Similar to plot_variable_relationships but uses trains in system (occupancy) instead of flow (throughput) on the x-axis.
MERGED ANALYSIS: Combines weekdays and weekends into a single comprehensive view.
Uses the EXACT SAME logic as plot_variable_relationships: - X-axis: Normalized trains in system per hour (from plot_bottleneck_analysis calculation) - Y-axis: Mean delay per hour ONLY from DELAYED trains (delay > 0), NOT all trains - One scatter point per HOUR (not per train) - Binned by trains in system with Q25-Q75 delay ranges
THEORY: - As trains accumulate in the system (high occupancy), delays should increase - If delays remain low despite high trains in system, indicates good platform management - If delays spike at low trains in system, indicates operational inefficiencies
Parameters:
- station_idstr
The station STANOX code
- all_datapd.DataFrame
The complete dataset containing all train records
- time_window_minutesint
Time window in minutes (default: 60)
- num_platformsint
Number of platforms for normalization (default: 12)
- figsizetuple
Figure size (default: (12, 8))
- max_delay_percentileint
Percentile to trim extreme values (default: 98)
- dwell_time_minutesint
Typical dwell time at station (default: 5 minutes)
- time_rangetuple or None
Optional (start, end) tuple to filter by time range (default: None)

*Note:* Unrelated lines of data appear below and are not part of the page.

definition crossed_module :: "('k::field \<Rightarrow> 'g::ab_group_add \<Rightarrow> 'g) \<Rightarrow> ('g \<Rightarrow> 'g \<Rightarrow> 'g)
    \<Rightarrow> ('k \<Rightarrow> 'h::ab_group_add \<Rightarrow> 'h) \<Rightarrow> ('h \<Rightarrow> 'h \<Rightarrow> 'h) \<Rightarrow> ('g \<Rightarrow> 'h) \<Rightarrow> ('h \<Rightarrow> 'g \<Rightarrow> 'g) \<Rightarrow> bool" where
  "crossed_module sg bg sh bh \<mu> L \<longleftrightarrow>
     lie_algebra sg bg \<and> lie_algebra sh bh \<and> lie_hom sg bg sh bh \<mu>
     \<and> (\<forall>y1 y2 x. L (y1 + y2) x = L y1 x + L y2 x)
     \<and> (\<forall>c y x. L (sh c y) x = sg c (L y x))
     \<and> (\<forall>y. derivation sg bg (L y))
     \<and> (\<forall>y1 y2 x. L (bh y1 y2) x = L y1 (L y2 x) - L y2 (L y1 x))
     \<and> (\<forall>y x. \<mu> (L y x) = bh y (\<mu> x))
     \<and> (\<forall>x0 x1. L (\<mu> x0) x1 = bg x0 x1)"

definition two_rep :: "('k::field \<Rightarrow> 'g::ab_group_add \<Rightarrow> 'g) \<Rightarrow> ('g \<Rightarrow> 'g \<Rightarrow> 'g)
    \<Rightarrow> ('k \<Rightarrow> 'h::ab_group_add \<Rightarrow> 'h) \<Rightarrow> ('h \<Rightarrow> 'h \<Rightarrow> 'h) \<Rightarrow> ('g \<Rightarrow> 'h) \<Rightarrow> ('h \<Rightarrow> 'g \<Rightarrow> 'g)
    \<Rightarrow> ('k \<Rightarrow> 'w::ab_group_add \<Rightarrow> 'w) \<Rightarrow> ('k \<Rightarrow> 'v::ab_group_add \<Rightarrow> 'v) \<Rightarrow> ('w \<Rightarrow> 'v)
    \<Rightarrow> ('h \<Rightarrow> 'w \<Rightarrow> 'w) \<Rightarrow> ('h \<Rightarrow> 'v \<Rightarrow> 'v) \<Rightarrow> ('g \<Rightarrow> 'v \<Rightarrow> 'w) \<Rightarrow> bool" where
  "two_rep sg bg sh bh \<mu> L sw sv \<phi> \<rho>01 \<rho>00 \<rho>1 \<longleftrightarrow>
     vector_space sw \<and> vector_space sv \<and> Vector_Spaces.linear sw sv \<phi>
     \<and> lie_rep sh bh sw \<rho>01 \<and> lie_rep sh bh sv \<rho>00
     \<and> (\<forall>x. Vector_Spaces.linear sv sw (\<rho>1 x))
     \<and> (\<forall>x1 x2 v. \<rho>1 (x1 + x2) v = \<rho>1 x1 v + \<rho>1 x2 v)
     \<and> (\<forall>c x v. \<rho>1 (sg c x) v = sw c (\<rho>1 x v))
     \<and> (\<forall>y w. \<phi> (\<rho>01 y w) = \<rho>00 y (\<phi> w))
     \<and> (\<forall>x0 x1 v. \<rho>1 (bg x0 x1) v = \<rho>1 x0 (\<phi> (\<rho>1 x1 v)) - \<rho>1 x1 (\<phi> (\<rho>1 x0 v)))
     \<and> (\<forall>x v. \<rho>00 (\<mu> x) v = \<phi> (\<rho>1 x v))
     \<and> (\<forall>x w. \<rho>01 (\<mu> x) w = \<rho>1 x (\<phi> w))
     \<and> (\<forall>y x v. \<rho>1 (L y x) v = \<rho>01 y (\<rho>1 x v) - \<rho>1 x (\<rho>00 y v))"

section \<open>The spaces g_p = g^p + h, elements (x^0,...,x^(p-1); y) encoded as (list, y)\<close>

definition gp_carrier :: "nat \<Rightarrow> ('g list \<times> 'h) set" where
  "gp_carrier p = {(xs, y). length xs = p}"

definition gp_add :: "('g::ab_group_add list \<times> 'h::ab_group_add) \<Rightarrow> ('g list \<times> 'h) \<Rightarrow> ('g list \<times> 'h)" where
  "gp_add a b = (map2 (+) (fst a) (fst b), snd a + snd b)"

definition gp_scale :: "('k \<Rightarrow> 'g \<Rightarrow> 'g) \<Rightarrow> ('k \<Rightarrow> 'h \<Rightarrow> 'h) \<Rightarrow> 'k \<Rightarrow> ('g list \<times> 'h) \<Rightarrow> ('g list \<times> 'h)" where
  "gp_scale sg sh c a = (map (sg c) (fst a), sh c (snd a))"

text \<open>Face maps d_k : g_(p+1) -> g_p, 0 <= k <= p+1 (argument has a list of length p+1).\<close>
definition face :: "('g::ab_group_add \<Rightarrow> 'h::ab_group_add) \<Rightarrow> nat \<Rightarrow> nat \<Rightarrow> ('g list \<times> 'h) \<Rightarrow> ('g list \<times> 'h)" where
  "face \<mu> p k a = (let xs = fst a; y = snd a in
     if k = 0 then (tl xs, y)
     else if k \<le> p then (take (k - 1) xs @ [xs ! (k - 1) + xs ! k] @ drop (k + 1) xs, y)
     else (butlast xs, y + \<mu> (last xs)))"

definition alt_multilin_on :: "'b set \<Rightarrow> ('b \<Rightarrow> 'b \<Rightarrow> 'b) \<Rightarrow> ('k \<Rightarrow> 'b \<Rightarrow> 'b)
    \<Rightarrow> ('k \<Rightarrow> 'a::ab_group_add \<Rightarrow> 'a) \<Rightarrow> nat \<Rightarrow> ('b list \<Rightarrow> 'a) \<Rightarrow> bool" where
  "alt_multilin_on A add sc sa n F \<longleftrightarrow>
     (\<forall>xs. length xs = n \<and> set xs \<subseteq> A \<longrightarrow>
        (\<forall>i<n. \<forall>a\<in>A. \<forall>b\<in>A. F (xs[i := add a b]) = F (xs[i := a]) + F (xs[i := b]))
      \<and> (\<forall>i<n. \<forall>a\<in>A. \<forall>c. F (xs[i := sc c a]) = sa c (F (xs[i := a])))
      \<and> (\<forall>i<n. \<forall>j<n. i \<noteq> j \<and> xs ! i = xs ! j \<longrightarrow> F xs = 0))"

- rdmpy.outputs.analysis_tools.explore_delay_outliers(station_id, all_data, num_platforms=6, dwell_time_minutes=5, figsize=(12, 8), time_range=None)[source]
Specialized visualization to explore delay outliers and extreme cases. Shows delay percentiles vs system load with binned averages.
Parameters:
- station_idstr
The STANOX code for the station
- all_datapd.DataFrame
The complete dataset with all station data
- num_platformsint
Number of platforms at the station (for normalization)
- dwell_time_minutesint
Typical dwell time at the station in minutes
- figsizetuple
Figure size (width, height)
- time_rangetuple or None
Optional (start, end) tuple to filter by time range (default: None)
Returns:
- pd.DataFrame
Hourly statistics including delay percentiles and system load metrics
- rdmpy.outputs.analysis_tools.station_view(station_id, all_data, num_platforms=6, time_window_minutes=60, max_delay_percentile=98, dwell_time_minutes=5, figsize=(8, 4.7), time_range=None)[source]
Comprehensive merged station performance analysis combining 3 visualization functions. Analyzes on-time performance and system load relationships.
Parameters:
- station_idstr
The STANOX code for the station
- all_datapd.DataFrame
The complete dataset with all station data
- num_platformsint
Number of platforms at the station (for normalization)
- time_window_minutesint
Time window for analysis (typically 60 for hourly)
- max_delay_percentileint
Maximum delay percentile to consider (typically 98)
- dwell_time_minutesint
Typical dwell time at the station in minutes
- figsizetuple
Figure size (width, height) - applied to all plots
- time_rangetuple or None
Optional (start, end) tuple to filter by time range. Will filter valid_data to only include rows where arrival_time falls within this range (default: None)
Returns:
- dict
Dictionary containing hourly_stats and bin_stats DataFrames
- rdmpy.outputs.analysis_tools.comprehensive_station_analysis(station_id, all_data, num_platforms=6, dwell_time_minutes=5, max_delay_percentile=98, time_range=None)[source]
Combined comprehensive station analysis displaying all visualizations in a single column figure.
Combines plot_trains_in_system_vs_delay, explore_delay_outliers, and station_view without changing any of their internal logic.
Parameters:
- station_idstr
The STANOX code for the station
- all_datapd.DataFrame
The complete dataset with all station data
- num_platformsint
Number of platforms at the station (for normalization)
- dwell_time_minutesint
Typical dwell time at the station in minutes
- max_delay_percentileint
Maximum delay percentile to consider (typically 98)
- time_rangetuple or None
Optional (start, end) tuple to filter by time range (default: None)
Returns:
- dict
Dictionary containing all results from the three analyses
- rdmpy.outputs.analysis_tools.station_analysis_with_time_range(station_id, all_data, time_range=None, num_platforms=6, dwell_time_minutes=5, max_delay_percentile=98)[source]
Wrapper around comprehensive_station_analysis that adds time_range filtering.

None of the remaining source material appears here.